Other Aug. 31 events are tours of the Toronto Jr./Sr. High School from 1 p.m. to 3 p.m., followed by the reunion dinner from 4 p.m. to 7 p.m. Class mixers start at 8 p.m. at various spots in town. Seven alumni have been selected as the Class of 2019 distinguished alumni, joining 44 other alumni in this distinction. The honorees to be acknowledged at the reunion dinner are:
— Kathleen Cope Harney, Class of 1960, who retired in 1993 from the Clark County School District in Las Vegas where her last major role was assistant superintendent of the community relations department in a school district that had 111 schools and more than 100,000 students.
— Peter O’Hara, Class of 1971, who entered the Army active duty in 1978 and had served to the office of the deputy chief of staff for operations and plans at the Pentagon. His final duty was as chief of plans, operations and training for training support brigade, Harrison, Ind., from which he retired in 2000 as a lieutenant colonel. He also recently retired as head football coach at Carmel High School in Carmel, Ind.
— The Rev. Mario Tizziani, Class of 1972, is the pastor of St. Cecilia Parish and School in Independence. He was ordained in 2006 and installed as pastor of St. Cecilia Roman Catholic Church and School in 2008. He led fundraising efforts that saw a groundbreaking of a $5.5 million expansion at the school.
— Col. Christopher Warner, Class of 1992, served as chief resident for two years at Walter Reed Army Medical Center, received the 2005 National Resident of the Year by the Association of Medicine and Psychiatry and currently serves as the military chief of staff for the assistant secretary of defense for health affairs in the Pentagon.
— Norman Winstel, Class of 1966, served in the Marines during the Vietnam War and was awarded the Bronze Star medal with combat distinguished device for heroism. He retired from First Energy, Sammis Plant, and recently retired after 40 years as a Toronto volunteer fireman. For the past 40 years he has worked the chain crew at Red Knights’ home football games.
— Otis Winston, Class of 1992, was an outstanding athlete and a three-time state champion, twice in the high jump and once in the long jump. In basketball, he holds a scoring record of 1,453 marks during his high school career, and at Ohio State University, he still holds a 25-year record at the school in track. Winston owns his own production company, coaches track, is an ordained minister and enjoys acting, having appeared in such shows as “Empire” and “Chicago Fire.”

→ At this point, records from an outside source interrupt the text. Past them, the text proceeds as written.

(* Let $(X_1,\dots,X_d)$ be a non-degenerate $d$-dimensional $1$-Meixner random vector with $E[X_k]=0$ and $E[X_iX_j]=\delta_{i,j}$ for all $i,j,k$, and let $\alpha_{i,j,k}$ be the real numbers with $[U_i,X_j]=\sum_{k}\alpha_{i,j,k}X_k+\beta_{i,j}I$. Then for all $(i,j,k)\in\{1,\dots,d\}^3$: (1) $\alpha_{i,j,k}=\alpha_{j,i,k}$; (2) $\alpha_{i,j,k}=\alpha_{i,k,j}$; (3) for every permutation $\pi$ of $(i,j,k)$, $\alpha_{\pi(i),\pi(j),\pi(k)}=\alpha_{i,j,k}$.
   Context: Let $X_1,\dots,X_d$ be real random variables on $(\Omega,\mathcal F,P)$ with finite moments of all orders. $F$ is the space of polynomial random variables $f(X_1,\dots,X_d)$ (complex coefficients), $F_n$ those of degree $\le n$, $G_0=F_0$, $G_n=F_n\ominus F_{n-1}$ in $L^2(P)$. For $f\in G_n$, $X_if\in G_{n-1}\oplus G_n\oplus G_{n+1}$; its components define $a^-(i)f,a^0(i)f,a^+(i)f$ respectively, extended linearly to $F$. $U_i:=a^-(i)+\tfrac12a^0(i)$ (semi-annihilation operator). $(X_1,\dots,X_d)$ is a $d$-dimensional $1$-Meixner random vector if there are reals $\alpha_{i,j,k},\beta_{i,j}$ with $[U_i,X_j]=\sum_k\alpha_{i,j,k}X_k+\beta_{i,j}I$ on $F$ for all $i,j$ (with $X_j$ the multiplication operator, $I$ the identity); it is non-degenerate if $I,X_1,\dots,X_d$ are linearly independent operators on $F$. *)

theory Defs
  imports "HOL-Probability.Probability"
begin
(* Let $(H,h)$ be an equivariant pair. Suppose $\{(H_n,h_n)\}$ is a sequence derived from $(H,h)$, and there are three distinct points $a,b,c \in S$ such that the sequences $\{h_n(a)\}$, $\{h_n(b)\}$, $\{h_n(c)\}$ converge to three distinct points of $S$. Then $\{(H_n,h_n)\}$ is tame, i.e. for every $p\in\mathbb{H}^3$ the sequence $\{H_n(p)\}$ is bounded in $\mathbb{H}^3$.
   Context: $\mathbb{H}^3$ is the upper half space model $\mathbb{C}\times(0,\infty)$ of hyperbolic $3$-space, with ideal boundary the Riemann sphere $S=\mathbb{C}\cup\{\infty\}$; $\mathcal{I}$ is the isometry group of $\mathbb{H}^3$, and each element of $\mathcal{I}$ extends to a conformal transformation of $S$ (every conformal transformation of $S$ arises this way), so $\mathcal{I}$ acts on $\mathbb{H}^3\cup S$. A nice lattice is a subgroup $\Gamma\subset\mathcal{I}$ acting freely, properly discontinuously and cocompactly on $\mathbb{H}^3$. A map $H:\mathbb{H}^3\to\mathbb{H}^3$ is $K$-bi-Lipschitz if it is a bijection with $K^{-1}d(x,y)\le d(H(x),H(y))\le Kd(x,y)$. An equivariant pair $(H,h)$ consists of a bi-Lipschitz map $H:\mathbb{H}^3\to\mathbb{H}^3$ and a homeomorphism $h:S\to S$ such that $H\cup h$ is continuous on $\mathbb{H}^3\cup S$ (i.e. $h$ is the continuous extension of $H$), together with nice lattices $\Gamma_1,\Gamma_2$ such that $H\Gamma_1H^{-1}=\Gamma_2$ and $h\Gamma_1h^{-1}=\Gamma_2$. A sequence $\{(H_n,h_n)\}$ is derived from $(H,h)$ if for each $n$ there are $f_n,g_n\in\mathcal{I}$ with $H_n=f_nHg_n$ and $h_n=f_nhg_n$. *)

theory Defs
  imports "HOL-Analysis.Analysis"
begin

text \<open>Upper half-space model: points (z,t) with z complex, t > 0.\<close>
type_synonym pt = "complex \<times> real"

definition H3 :: "pt set" where
  "H3 = {p. snd p > 0}"

definition hdist :: "pt \<Rightarrow> pt \<Rightarrow> real" where
  "hdist p q = arcosh (1 + ((cmod (fst p - fst q))\<^sup>2 + (snd p - snd q)\<^sup>2)
                          / (2 * snd p * snd q))"

text \<open>Riemann sphere S = C \<union> {\<infinity>}: None is \<infinity>.\<close>
type_synonym sphere = "complex option"

text \<open>Cayley embedding of the closed upper half-space (with \<infinity>) onto the closed
  unit ball of R^3 = C \<times> R; it defines the topology of H^3 \<union> S.\<close>
definition cayley :: "pt \<Rightarrow> pt" where
  "cayley p = (let N = (cmod (fst p))\<^sup>2 + (snd p + 1)\<^sup>2
               in (2 * fst p / complex_of_real N, 2 * (snd p + 1) / N - 1))"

— Robert Woodside, Class of 1979, is the executive director of advancement communications at Duquesne University in Pittsburgh, overseeing communications and marketing for the fundraising and alumni engagement operations. His work fueled the success of Duquesne’s Advancing Our Legacy campaign, which closed in 2013 after raising a record $165 million.
Sept. 1 events round out with church services and gatherings and class reunions and picnics.

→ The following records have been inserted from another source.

(* The size $\gamma$ of the smallest string attractor satisfies, for each edit type $\ast\in\{\mathrm{sub},\mathrm{ins},\mathrm{del}\}$: $\mathsf{MS}_{\ast}(\gamma,n)=O(\log n)$ and $\mathsf{AS}_{\ast}(\gamma,n)=O(\delta\log n)$; that is, there is a constant $c$ such that for every string $T$ of length $n$ and every string $T'$ with $\mathsf{ed}(T,T')=1$ (of the corresponding type), $\gamma(T')\le c\,\gamma(T)\log n$ and $\gamma(T')-\gamma(T)\le c\,\delta(T)\log n$.
   Context: Strings are over an alphabet $\Sigma$; $\mathsf{ed}$ is the edit distance (single-character substitutions, insertions, deletions). For a measure $C$: $\mathsf{MS}_{\mathrm{sub}}(C,n)=\max_{T\in\Sigma^n}\{C(T')/C(T): T'\in\Sigma^n,\ \mathsf{ed}(T,T')=1\}$, with $\mathsf{MS}_{\mathrm{ins}},\mathsf{MS}_{\mathrm{del}}$ analogous for $T'$ of length $n+1$, resp. $n-1$, and $\mathsf{AS}_\ast$ analogous with $C(T')-C(T)$. A string attractor of $T$ is a set $\Gamma$ of positions such that every substring of $T$ has an occurrence $T[i..j]$ containing a position of $\Gamma$; $\gamma(T)$ is the minimum size of a string attractor. $\delta(T)=\max_{1\le k\le |T|}\mathsf{Substr}(T,k)/k$, where $\mathsf{Substr}(T,k)$ is the number of distinct length-$k$ substrings of $T$; bounds stated in terms of $\delta$ use $\delta(T)$ of the original string $T$. *)

theory Defs
  imports Complex_Main
begin

text \<open>Strings are lists over an arbitrary alphabet type 'a; positions are 0-based.\<close>

fun ed :: "'a list \<Rightarrow> 'a list \<Rightarrow> nat" where
  "ed [] ys = length ys"
| "ed xs [] = length xs"
| "ed (x # xs) (y # ys) =
     min (min (ed xs ys + (if x = y then 0 else 1)) (ed xs (y # ys) + 1)) (ed (x # xs) ys + 1)"
theorem theorem2:
  fixes P :: "'a::euclidean_space set"
    and k z :: nat
    and \<epsilon>1 \<epsilon>2 \<eta> \<delta> c :: real
    and A :: "'a multiset \<Rightarrow> nat \<Rightarrow> 'a set"
  assumes finP: "finite P" and Pne: "P \<noteq> {}"
    and kpos: "k > 0"
    and eps: "\<epsilon>1 > 0" "\<epsilon>2 > 0"
    and sig: "significant P k z \<epsilon>1 \<epsilon>2"
    and eta: "0 < \<eta>" "\<eta> < 1"
    and delta: "0 < \<delta>" "\<delta> < 1"
    and c1: "c \<ge> 1"
    and approx: "\<And>Q w. finite (A Q w) \<and> card (A Q w) = k \<and>
                        Delta_out Q w (A Q w) \<le> c * kcenter_opt Q k w"
    and ratio: "\<epsilon>1 / \<epsilon>2 > 1 / (\<eta> * (1 - \<delta>))"
  shows
    "let m = nat \<lceil>3 * real k / (\<delta>^2 * \<epsilon>1) * ln (2 * real k / \<eta>)\<rceil>;
         z' = nat \<lfloor>1 / \<eta> * (\<epsilon>2 / real k) * real m\<rfloor>;
         r_opt = kcenter_opt (mset_set P) k z
     in measure_pmf.prob (replicate_pmf m (pmf_of_set P))
          {xs. Delta_out (mset_set P) z (A (mset xs) z') \<le> (c + 2) * r_opt}
        \<ge> (1 - \<eta>)^2"
proof -
  define m where "m = nat \<lceil>3 * real k / (\<delta>^2 * \<epsilon>1) * ln (2 * real k / \<eta>)\<rceil>"
  define z' where "z' = nat \<lfloor>1 / \<eta> * (\<epsilon>2 / real k) * real m\<rfloor>"
  define r where "r = kcenter_opt (mset_set P) k z"
  define M where "M = replicate_pmf m (pmf_of_set P)"
  obtain cs Cl Popt where cs: "inj_on cs {..<k}"
    and r: "Delta_out (mset_set P) z (cs ` {..<k}) = r"
    and inliers: "Popt \<subseteq> P" "card Popt = card P - z" "Popt = (\<Union>j<k. Cl j)"
    and radius: "\<forall>j<k. \<forall>p\<in>Cl j. dist p (cs j) \<le> r"
    and large: "\<forall>j<k. real (card (Cl j)) \<ge> \<epsilon>1 / real k * real (card P)"
    and z: "real z = \<epsilon>2 / real k * real (card P)"
    using sig unfolding significant_def Let_def r_def by blast
  have r0: "0 \<le> r"
    using r kpos Delta_out_nonneg[of "cs ` {..<k}"] by auto
  define few where "few = {xs. hits (P - Popt) xs \<le> z'}"
  define hit where "hit = {xs. \<forall>j<k. z' < hits (Cl j) xs}"
  define success where "success = {xs. Delta_out (mset_set P) z (A (mset xs) z') \<le> (c + 2) * r}"
  have Cl_sub: "Cl j \<subseteq> Popt" if "j < k" for j
    using that inliers(3) by blast
  have few: "1 - \<eta> \<le> measure_pmf.prob M few"
    unfolding M_def few_def z'_def using finP Pne kpos eta eps inliers z
    by (intro prob_few_outliers) (auto simp: card_Diff_subset finite_subset)
  have "measure_pmf.prob M {xs. hits (Cl j) xs \<le> z'} \<le> \<eta> / (2 * real k)" if "j < k" for j
    unfolding M_def z'_def m_def using that finP Pne Cl_sub inliers kpos eps eta delta large ratio
    by (intro prob_cluster_undersampled) auto
  then have "1 - real k * (\<eta> / (2 * real k)) \<le> measure_pmf.prob M hit"
    unfolding hit_def by (rule prob_all_hits_gt)
  then have hit: "1 - \<eta> \<le> measure_pmf.prob M hit"
    using kpos eta by simp
  have "(1 - \<eta>)^2 \<le> measure_pmf.prob M few * measure_pmf.prob M hit"
    using few hit eta by (simp add: power2_eq_square mult_mono)
  also have "\<dots> \<le> measure_pmf.prob M (few \<inter> hit)"
    unfolding M_def few_def hit_def using finP Pne Cl_sub
    by (intro harris_prob_hits_le) (auto intro: less_le_trans[OF _ hits_list_update_le])
  also have "\<dots> \<le> measure_pmf.prob M success"
  proof (intro measure_pmf.finite_measure_mono_AE AE_pmfI impI)
    fix xs assume "xs \<in> set_pmf M" "xs \<in> few \<inter> hit"
    moreover have "set xs \<subseteq> P"
      using \<open>xs \<in> set_pmf M\<close> finP Pne by (auto simp: M_def set_replicate_pmf)
    ultimately have "size {#p \<in># mset xs. p \<notin> Popt#} \<le> z'"
      and "\<And>j. j < k \<Longrightarrow> z' < size {#p \<in># mset xs. p \<in> Cl j#}"
      by (simp_all add: few_def hit_def size_filter_mset_mset_notin_eq_hits_Diff size_filter_mset_mset_eq_hits)
    with approx c1 r0 radius show "xs \<in> success"
      unfolding success_def by (auto intro!: Delta_out_le_if_good_sample[OF finP kpos _ _ cs inliers])
  qed simp
  finally show ?thesis
    unfolding Let_def m_def[symmetric] z'_def[symmetric] r_def[symmetric] M_def[symmetric] success_def .
qed

end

Jane Walker McConnell, Class of 1954, initiated the idea for an all-school reunion, according to Dani Swearingen, office manager for the alumni association, who noted approximately 4,100 reunion invitations have been sent out.
For information on the reunion festivities or to make reservations for the reunion dinner on Aug. 31, contact the alumni office by phone at (740) 537-9114 or e-mail to firstname.lastname@example.org.
Organizers said the all-class reunions rekindle and forge friendships and offer a time to reminisce and remember.
“I think it’s unique because we are a small town made up of families that have been here for generations for the most part, and we’re also one of the smallest city school districts in the state so I think it kind of helps to just keep everyone connected,” Davidson said.